Let $G$ be a finite group and $B$ a block of $kG$ or $\mathcal{O}$. Let $(D,b_D)$ be a maximal $B$-subpair, and write $\mathcal{F}_{(D,b_D)}(G,B)$ for the associated fusion system. Then $B$ is nilpotent if $\mathcal{F}_{(D,b_D)}(G,B)=\mathcal{F}_D(D)$. Equivalently, $B$ is nilpotent if and only if for each $B$-subpair $(Q,b_Q)$ we have that $N_G(Q,b_Q)/C_G(Q)$ is a $p$-group. Nilpotent blocks were introduced by Broué and Puig in [BP80], and the main results regarding Morita equivalence proved in [Pu88]. See [Li18d, 8.11] for a treatment of nilpotent blocks, including proofs of all of the following results.

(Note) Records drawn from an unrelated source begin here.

definition pauli :: "nat \<Rightarrow> complex^2^2" where
  "pauli k = (\<chi> i j.
     if k = 1 then (if i \<noteq> j then 1 else 0)
     else if k = 2 then (if i = 0 \<and> j = 1 then - \<i> else if i = 1 \<and> j = 0 then \<i> else 0)
     else (if i = 0 \<and> j = 0 then 1 else if i = 1 \<and> j = 1 then -1 else 0))"

definition gen_thermal_unitary :: "complex^('a::finite\<times>'b::finite)^('a\<times>'b) \<Rightarrow> bool" where
  "gen_thermal_unitary U \<longleftrightarrow> unitary U \<and>
     (\<exists>HA HA' :: complex^'a^'a. \<exists>HB HB' :: complex^'b^'b.
        hermitian HA \<and> hermitian HA' \<and> hermitian HB \<and> hermitian HB' \<and>
        (\<not> prop_id HA \<or> \<not> prop_id HB) \<and>
        U ** (kron HA (mat 1) + kron (mat 1) HB) ** cadj U
          = kron HA' (mat 1) + kron (mat 1) HB')"

end

theory Submission
  imports Defs
begin

(*
  In the magic basis the non-local part exp(i \<Sum>k t_k \<sigma>_k \<otimes> \<sigma>_k) is diagonal with phases
  exp(i \<theta>_a), \<theta>_a = \<plusminus>t_1 \<plusminus> t_2 \<plusminus> t_3, while conjugation into the magic basis maps the local
  Hamiltonians H_A \<otimes> 1 + 1 \<otimes> H_B exactly onto the matrices c 1 + i R with c real and R real
  antisymmetric (su(2) \<oplus> su(2) = so(4)). Local unitaries do not matter, so U is generalized
  thermal iff some non-scalar matrix of this form keeps it after conjugation by diag(exp(i \<theta>_a)).
  That conjugation multiplies R_ab by exp(i (\<theta>_a - \<theta>_b)), so this happens iff
  sin (\<theta>_a - \<theta>_b) = 0 for some a \<noteq> b; the differences \<theta>_a - \<theta>_b are exactly \<plusminus>2 (t_j \<plusminus> t_k).
*)

lemma UNIV_2_eq: "(UNIV::2 set) = {0, 1}"
  using exhaust_2 by (metis UNIV_2 zero_neq_one insert_commute)

lemma UNIV_2x2_eq: "(UNIV::(2\<times>2) set) = {(0,0), (0,1), (1,0), (1,1)}"
  by (auto simp: UNIV_2_eq simp flip: UNIV_Times_UNIV)

lemma sum_UNIV_2x2: "sum f (UNIV::(2\<times>2) set) = f (0,0) + f (0,1) + f (1,0) + f (1,1)"
  by (simp add: UNIV_2x2_eq add.assoc)

lemma forall_2x2: "(\<forall>a::2\<times>2. P a) \<longleftrightarrow> P (0,0) \<and> P (0,1) \<and> P (1,0) \<and> P (1,1)"
  by (metis UNIV_2x2_eq UNIV_I empty_iff insertE)

lemma ex_2x2: "(\<exists>a::2\<times>2. P a) \<longleftrightarrow> P (0,0) \<or> P (0,1) \<or> P (1,0) \<or> P (1,1)"
  using forall_2x2[of "\<lambda>a. \<not> P a"] by blast

lemma mat_2x2_eq_iff:
  "(A::'a^(2\<times>2)^(2\<times>2)) = B \<longleftrightarrow>
    (\<forall>a\<in>{(0,0), (0,1), (1,0), (1,1)}. \<forall>b\<in>{(0,0), (0,1), (1,0), (1,1)}. A $ a $ b = B $ a $ b)"
  by (simp add: vec_eq_iff UNIV_2x2_eq[symmetric])

lemma cadj_cadj [simp]: "cadj (cadj A) = A"
  by (simp add: vec_eq_iff cadj_def)

lemma cadj_mult: "cadj (A ** B) = cadj B ** cadj (A::complex^'n^'n)"
  by (simp add: vec_eq_iff cadj_def matrix_matrix_mult_def mult.commute)

lemma cadj_add: "cadj (A + B) = cadj A + cadj B"
  by (simp add: vec_eq_iff cadj_def)

lemma cadj_mat1 [simp]: "cadj (mat 1 :: complex^'n^'n) = mat 1"
  by (simp add: vec_eq_iff cadj_def mat_def)

lemma cadj_cscale: "cadj (cscale c A) = cscale (cnj c) (cadj (A::complex^'n^'n))"
  by (simp add: vec_eq_iff cadj_def cscale_def)

lemma cadj_kron: "cadj (kron A B) = kron (cadj A) (cadj B)"
  by (simp add: vec_eq_iff cadj_def kron_def)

• A block $B$ of $kG$ is nilpotent if and only if the corresponding block of $\mathcal{O}G$ is.
• The principal block is nilpotent if and only if $G$ is $p$-nilpotent, that is, if $G=O_{p'}(G)P$ for $P$ a Sylow $p$-subgroup of $G$.
• Suppose that $D$ is abelian. Then $B$ is nilpotent if and only if $N_G(D,b_D)/C_G(D)=1$.

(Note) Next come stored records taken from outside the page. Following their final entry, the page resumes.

(* Let $k\ge2$ and let $C_{3k}$ be the cycle on $3k$ vertices. Then $i\gamma(C_{3k})=k$, so $|V(C_{3k})|-i\gamma(C_{3k})=2k$. Moreover, if $M\subseteq V(C_{3k})$ is a set of $2k$ vertices inducing a matching of size $k$ in $C_{3k}$, then $M$ is a cover of $C_{3k}$, and for $W_1=\dots=W_{2k-1}=M$ there is no cover $W=\{w_{i_1},\dots,w_{i_t}\}$ of $C_{3k}$ with $1\le i_1<\dots<i_t\le 2k-1$ and $w_{i_j}\in W_{i_j}$ for all $j$.
   Context: A cover of a graph is a vertex set containing at least one endpoint of every edge. $\gamma(G;A)$ is the minimum size of a set $D$ such that every vertex of $A$ has a neighbor in $D$; $i\gamma(G)=\max\{\gamma(G;I): I\text{ an independent set of }G\}$. *)

theory Defs
  imports Main
begin

text \<open>Finite simple graphs are given by a vertex set V and a symmetric,
irreflexive adjacency relation E.\<close>

definition is_cover :: "'a set \<Rightarrow> ('a \<Rightarrow> 'a \<Rightarrow> bool) \<Rightarrow> 'a set \<Rightarrow> bool" where
  "is_cover V E C \<longleftrightarrow> C \<subseteq> V \<and> (\<forall>u\<in>V. \<forall>v\<in>V. E u v \<longrightarrow> u \<in> C \<or> v \<in> C)"

definition independent :: "'a set \<Rightarrow> ('a \<Rightarrow> 'a \<Rightarrow> bool) \<Rightarrow> 'a set \<Rightarrow> bool" where
  "independent V E I \<longleftrightarrow> I \<subseteq> V \<and> (\<forall>u\<in>I. \<forall>v\<in>I. \<not> E u v)"

definition gamma_dom :: "'a set \<Rightarrow> ('a \<Rightarrow> 'a \<Rightarrow> bool) \<Rightarrow> 'a set \<Rightarrow> nat" where
  "gamma_dom V E A = (LEAST m. \<exists>D. D \<subseteq> V \<and> card D = m \<and> (\<forall>a\<in>A. \<exists>d\<in>D. E a d))"

definition igamma :: "'a set \<Rightarrow> ('a \<Rightarrow> 'a \<Rightarrow> bool) \<Rightarrow> nat" where
  "igamma V E = Max {gamma_dom V E I | I. independent V E I}"

definition cycle_V :: "nat \<Rightarrow> nat set" where
  "cycle_V n = {0..<n}"

definition cycle_E :: "nat \<Rightarrow> nat \<Rightarrow> nat \<Rightarrow> bool" where
  "cycle_E n i j \<longleftrightarrow> i < n \<and> j < n \<and> (j = (i + 1) mod n \<or> i = (j + 1) mod n)"

definition induced_edges :: "('a \<Rightarrow> 'a \<Rightarrow> bool) \<Rightarrow> 'a set \<Rightarrow> 'a set set" where
  "induced_edges E M = {{u, v} | u v. u \<in> M \<and> v \<in> M \<and> E u v}"

definition induces_matching :: "'a set \<Rightarrow> ('a \<Rightarrow> 'a \<Rightarrow> bool) \<Rightarrow> 'a set \<Rightarrow> nat \<Rightarrow> bool" where
  "induces_matching V E M k \<longleftrightarrow> M \<subseteq> V \<and>
     (\<forall>e\<in>induced_edges E M. \<forall>e'\<in>induced_edges E M. e \<noteq> e' \<longrightarrow> e \<inter> e' = {}) \<and>
     card (induced_edges E M) = k"

end

theory Submission
  imports Defs
begin

text \<open>Cutting C_{3k} into the k blocks {3j, 3j+1, 3j+2}, any independent set I is dominated
by one vertex per block (3j+1, or 3j when 3j+1 \<in> I), so i\<gamma> \<le> k; the multiples of 3 form
an independent set whose members have pairwise disjoint neighbourhoods, so i\<gamma> \<ge> k.
If M induces a perfect matching of k edges {v, v+1}, the map v \<mapsto> v+2 is a bijection onto the
k vertices outside M, so every edge meets M; and every vertex of M has a neighbour outside M.
Hence a cover picked from M must be all of M, which needs 2k choices, not 2k-1.\<close>

lemma gamma_dom_le:
  assumes "D \<subseteq> V" and "\<forall>a\<in>A. \<exists>d\<in>D. E a d"
  shows "gamma_dom V E A \<le> card D"
  unfolding gamma_dom_def using assms by (intro Least_le) blast

lemma card_le_gamma_dom:
  assumes "finite V" and "\<forall>a\<in>A. \<exists>d\<in>V. E a d"
    and disjoint_nbhds: "\<forall>a\<in>A. \<forall>b\<in>A. \<forall>d. E a d \<longrightarrow> E b d \<longrightarrow> a = b"
  shows "card A \<le> gamma_dom V E A"
proof -
  let ?P = "\<lambda>m. \<exists>D. D \<subseteq> V \<and> card D = m \<and> (\<forall>a\<in>A. \<exists>d\<in>D. E a d)"
  have "?P (card V)" using assms(2) by blast
  then have "?P (LEAST m. ?P m)" by (rule LeastI)
  then obtain D where D: "D \<subseteq> V" "card D = gamma_dom V E A" "\<forall>a\<in>A. \<exists>d\<in>D. E a d"
    unfolding gamma_dom_def by blast
  then obtain g where g: "\<forall>a\<in>A. g a \<in> D \<and> E a (g a)" by metis
  have "inj_on g A" using g disjoint_nbhds by (metis inj_onI)
  moreover have "finite D" using D(1) assms(1) by (rule finite_subset)
  ultimately have "card A \<le> card D" using g by (intro card_inj_on_le) auto
  with D(2) show ?thesis by simp
qed

lemma igamma_eqI:
  assumes "\<And>I. independent V E I \<Longrightarrow> gamma_dom V E I \<le> m"
    and "independent V E I\<^sub>0" and "m \<le> gamma_dom V E I\<^sub>0"
  shows "igamma V E = m"
proof -
  let ?S = "{gamma_dom V E I | I. independent V E I}"
  have "?S \<subseteq> {..m}" using assms(1) by auto
  moreover have "m \<in> ?S" using assms by (metis (mono_tags, lifting) le_antisym mem_Collect_eq)
  ultimately show ?thesis unfolding igamma_def by (intro Max_eqI) (auto intro: finite_subset)
qed

lemma cover_subset_eq:
  assumes "is_cover V E C" and "C \<subseteq> M"
    and "\<forall>m\<in>M. \<exists>w\<in>V - M. E m w" and "M \<subseteq> V"
  shows "C = M"
proof -
  have "m \<in> C" if "m \<in> M" for m
  proof -
    obtain w where "w \<in> V - M" "E m w" using assms(3) \<open>m \<in> M\<close> by blast
    then show ?thesis using assms(1,2,4) \<open>m \<in> M\<close> unfolding is_cover_def by blast
  qed
  with assms(2) show ?thesis by blast
qed

lemma no_cover_from_fewer_choices:
  assumes "finite M" and "M \<subseteq> V" and "\<forall>m\<in>M. \<exists>w\<in>V - M. E m w" and "n < card M"
  shows "\<forall>W. (\<forall>i\<in>{1..n}. W i = M) \<longrightarrow>
           \<not> (\<exists>S f. S \<subseteq> {1..n} \<and> (\<forall>i\<in>S. f i \<in> W i) \<and> is_cover V E (f ` S))"
proof (intro allI impI notI)
  fix W :: "nat \<Rightarrow> 'a set"
  assume "\<forall>i\<in>{1..n}. W i = M"
    and "\<exists>S f. S \<subseteq> {1..n} \<and> (\<forall>i\<in>S. f i \<in> W i) \<and> is_cover V E (f ` S)"
  then obtain S f where S: "S \<subseteq> {1..n}" "f ` S \<subseteq> M" and "is_cover V E (f ` S)" by blast
  then have "f ` S = M" using assms(2,3) by (intro cover_subset_eq)
  have "finite S" using S(1) by (rule finite_subset) simp
  then have "card M \<le> card S" using \<open>f ` S = M\<close> card_image_le by blast
  also have "\<dots> \<le> n" using card_mono[OF _ S(1)] by simp
  finally show False using assms(4) by simp
qed

lemma induced_matching_unique_partner:
  assumes "induces_matching V E M k" and irrefl: "\<And>u. \<not> E u u"
    and "m \<in> M" "x \<in> M" "y \<in> M" "E m x" "E m y"
  shows "x = y"
proof (rule ccontr)
  assume "x \<noteq> y"
  have "m \<noteq> x" using irrefl \<open>E m x\<close> by metis
  have disjoint: "\<forall>e\<in>induced_edges E M. \<forall>e'\<in>induced_edges E M. e \<noteq> e' \<longrightarrow> e \<inter> e' = {}"
    using assms(1) unfolding induces_matching_def by simp
  have "{m, x} \<in> induced_edges E M" unfolding induced_edges_def using assms(3,4,6) by blast
  moreover have "{m, y} \<in> induced_edges E M" unfolding induced_edges_def using assms(3,5,7) by blast
  moreover have "{m, x} \<noteq> {m, y}" using \<open>x \<noteq> y\<close> \<open>m \<noteq> x\<close> by (simp add: doubleton_eq_iff)
  ultimately have "{m, x} \<inter> {m, y} = {}" by (rule disjoint[rule_format])
  then show False by simp
qed

definition cycle_succ :: "nat \<Rightarrow> nat \<Rightarrow> nat" where
  "cycle_succ n a = (if a + 1 = n then 0 else a + 1)"

lemma cycle_E_iff:
  "cycle_E n a b \<longleftrightarrow> a < n \<and> b < n \<and> (b = cycle_succ n a \<or> a = cycle_succ n b)"
proof (cases "a < n \<and> b < n")
  case True
  then have "(a + 1) mod n = cycle_succ n a" "(b + 1) mod n = cycle_succ n b"
    unfolding cycle_succ_def by auto
  with True show ?thesis unfolding cycle_E_def by simp
qed (auto simp: cycle_E_def)

lemma cycle_succ_lt: "a < n \<Longrightarrow> cycle_succ n a < n"
  unfolding cycle_succ_def by auto

lemma cycle_succ_inj: "a < n \<Longrightarrow> b < n \<Longrightarrow> cycle_succ n a = cycle_succ n b \<Longrightarrow> a = b"
  unfolding cycle_succ_def by (auto split: if_splits)

lemma cycle_succ_surj:
  assumes "a < n" shows "\<exists>p<n. cycle_succ n p = a"
proof (cases a)
  case 0
  with assms have "n - 1 < n \<and> cycle_succ n (n - 1) = a" unfolding cycle_succ_def by auto
  then show ?thesis by blast
next
  case (Suc p)
  with assms have "p < n \<and> cycle_succ n p = a" unfolding cycle_succ_def by auto
  then show ?thesis by blast
qed

lemma cycle_succ_succ_neq: "3 \<le> n \<Longrightarrow> a < n \<Longrightarrow> cycle_succ n (cycle_succ n a) \<noteq> a"
  unfolding cycle_succ_def by auto

lemma cycle_E_irrefl: "2 \<le> n \<Longrightarrow> \<not> cycle_E n a a"
  unfolding cycle_E_iff cycle_succ_def by auto

lemma gamma_dom_independent_cycle_le:
  assumes I: "independent (cycle_V (3*k)) (cycle_E (3*k)) I"
  shows "gamma_dom (cycle_V (3*k)) (cycle_E (3*k)) I \<le> k"
proof -
  define D where "D = (\<lambda>j. if 3*j + 1 \<in> I then 3*j else 3*j + 1) ` {..<k}"
  have "\<exists>d\<in>D. cycle_E (3*k) a d" if "a \<in> I" for a
  proof -
    define j where "j = a div 3"
    have "a < 3*k" using \<open>a \<in> I\<close> I unfolding independent_def cycle_V_def by auto
    then have j: "j < k" "a = 3*j + a mod 3" unfolding j_def by auto
    show ?thesis
    proof (cases "a mod 3 = 1")
      case True
      then have "3*j \<in> D" unfolding D_def using j \<open>a \<in> I\<close> by (auto intro!: image_eqI[of _ _ j])
      moreover have "cycle_E (3*k) a (3*j)" unfolding cycle_E_iff cycle_succ_def using j True by auto
      ultimately show ?thesis by blast
    next
      case False
      then have "a mod 3 = 0 \<or> a mod 3 = 2" by auto
      then have adj: "cycle_E (3*k) a (3*j + 1)"
        unfolding cycle_E_iff cycle_succ_def using j by (auto; presburger)
      then have "3*j + 1 \<notin> I" using \<open>a \<in> I\<close> I unfolding independent_def by blast
      then have "3*j + 1 \<in> D" unfolding D_def using j by (auto intro!: image_eqI[of _ _ j])
      with adj show ?thesis by blast
    qed
  qed
  moreover have "D \<subseteq> cycle_V (3*k)" unfolding D_def cycle_V_def by auto
  ultimately have "gamma_dom (cycle_V (3*k)) (cycle_E (3*k)) I \<le> card D"
    by (intro gamma_dom_le) auto
  also have "\<dots> \<le> card {..<k}" unfolding D_def by (rule card_image_le) simp
  finally show ?thesis by simp
qed

lemma independent_cycle_multiples_of_3:
  "independent (cycle_V (3*k)) (cycle_E (3*k)) ((\<lambda>i. 3*i) ` {..<k})"
proof -
  have "\<not> cycle_E (3*k) (3*i) (3*j)" if "i < k" "j < k" for i j
    using that unfolding cycle_E_iff cycle_succ_def by (auto; presburger)
  then show ?thesis unfolding independent_def cycle_V_def by auto
qed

• A block $B$ of $\mathcal{O}G$ is nilpotent if and only it is Morita equivalent to $\mathcal{O}D$.
• If $B$ is nilpotent, then it is basic Morita equivalent to $kD$ (or $\mathcal{O}D$ as appropriate). Consequently, a nilpotent block satisfies $l(B)=1$ and its decomposition and Cartan matrices are determined.
• $B$ has source algebra of the form $S \otimes_\mathcal{O} \mathcal{O}D$ for $S={\rm End}_\mathcal{O}(V)$ for some indecomposable endopermutation $\mathcal{O}D$-module $V$ with vertex $D$ and determinant one.
• If the principal block is nilpotent, then it is source algebra equivalent to $kP$.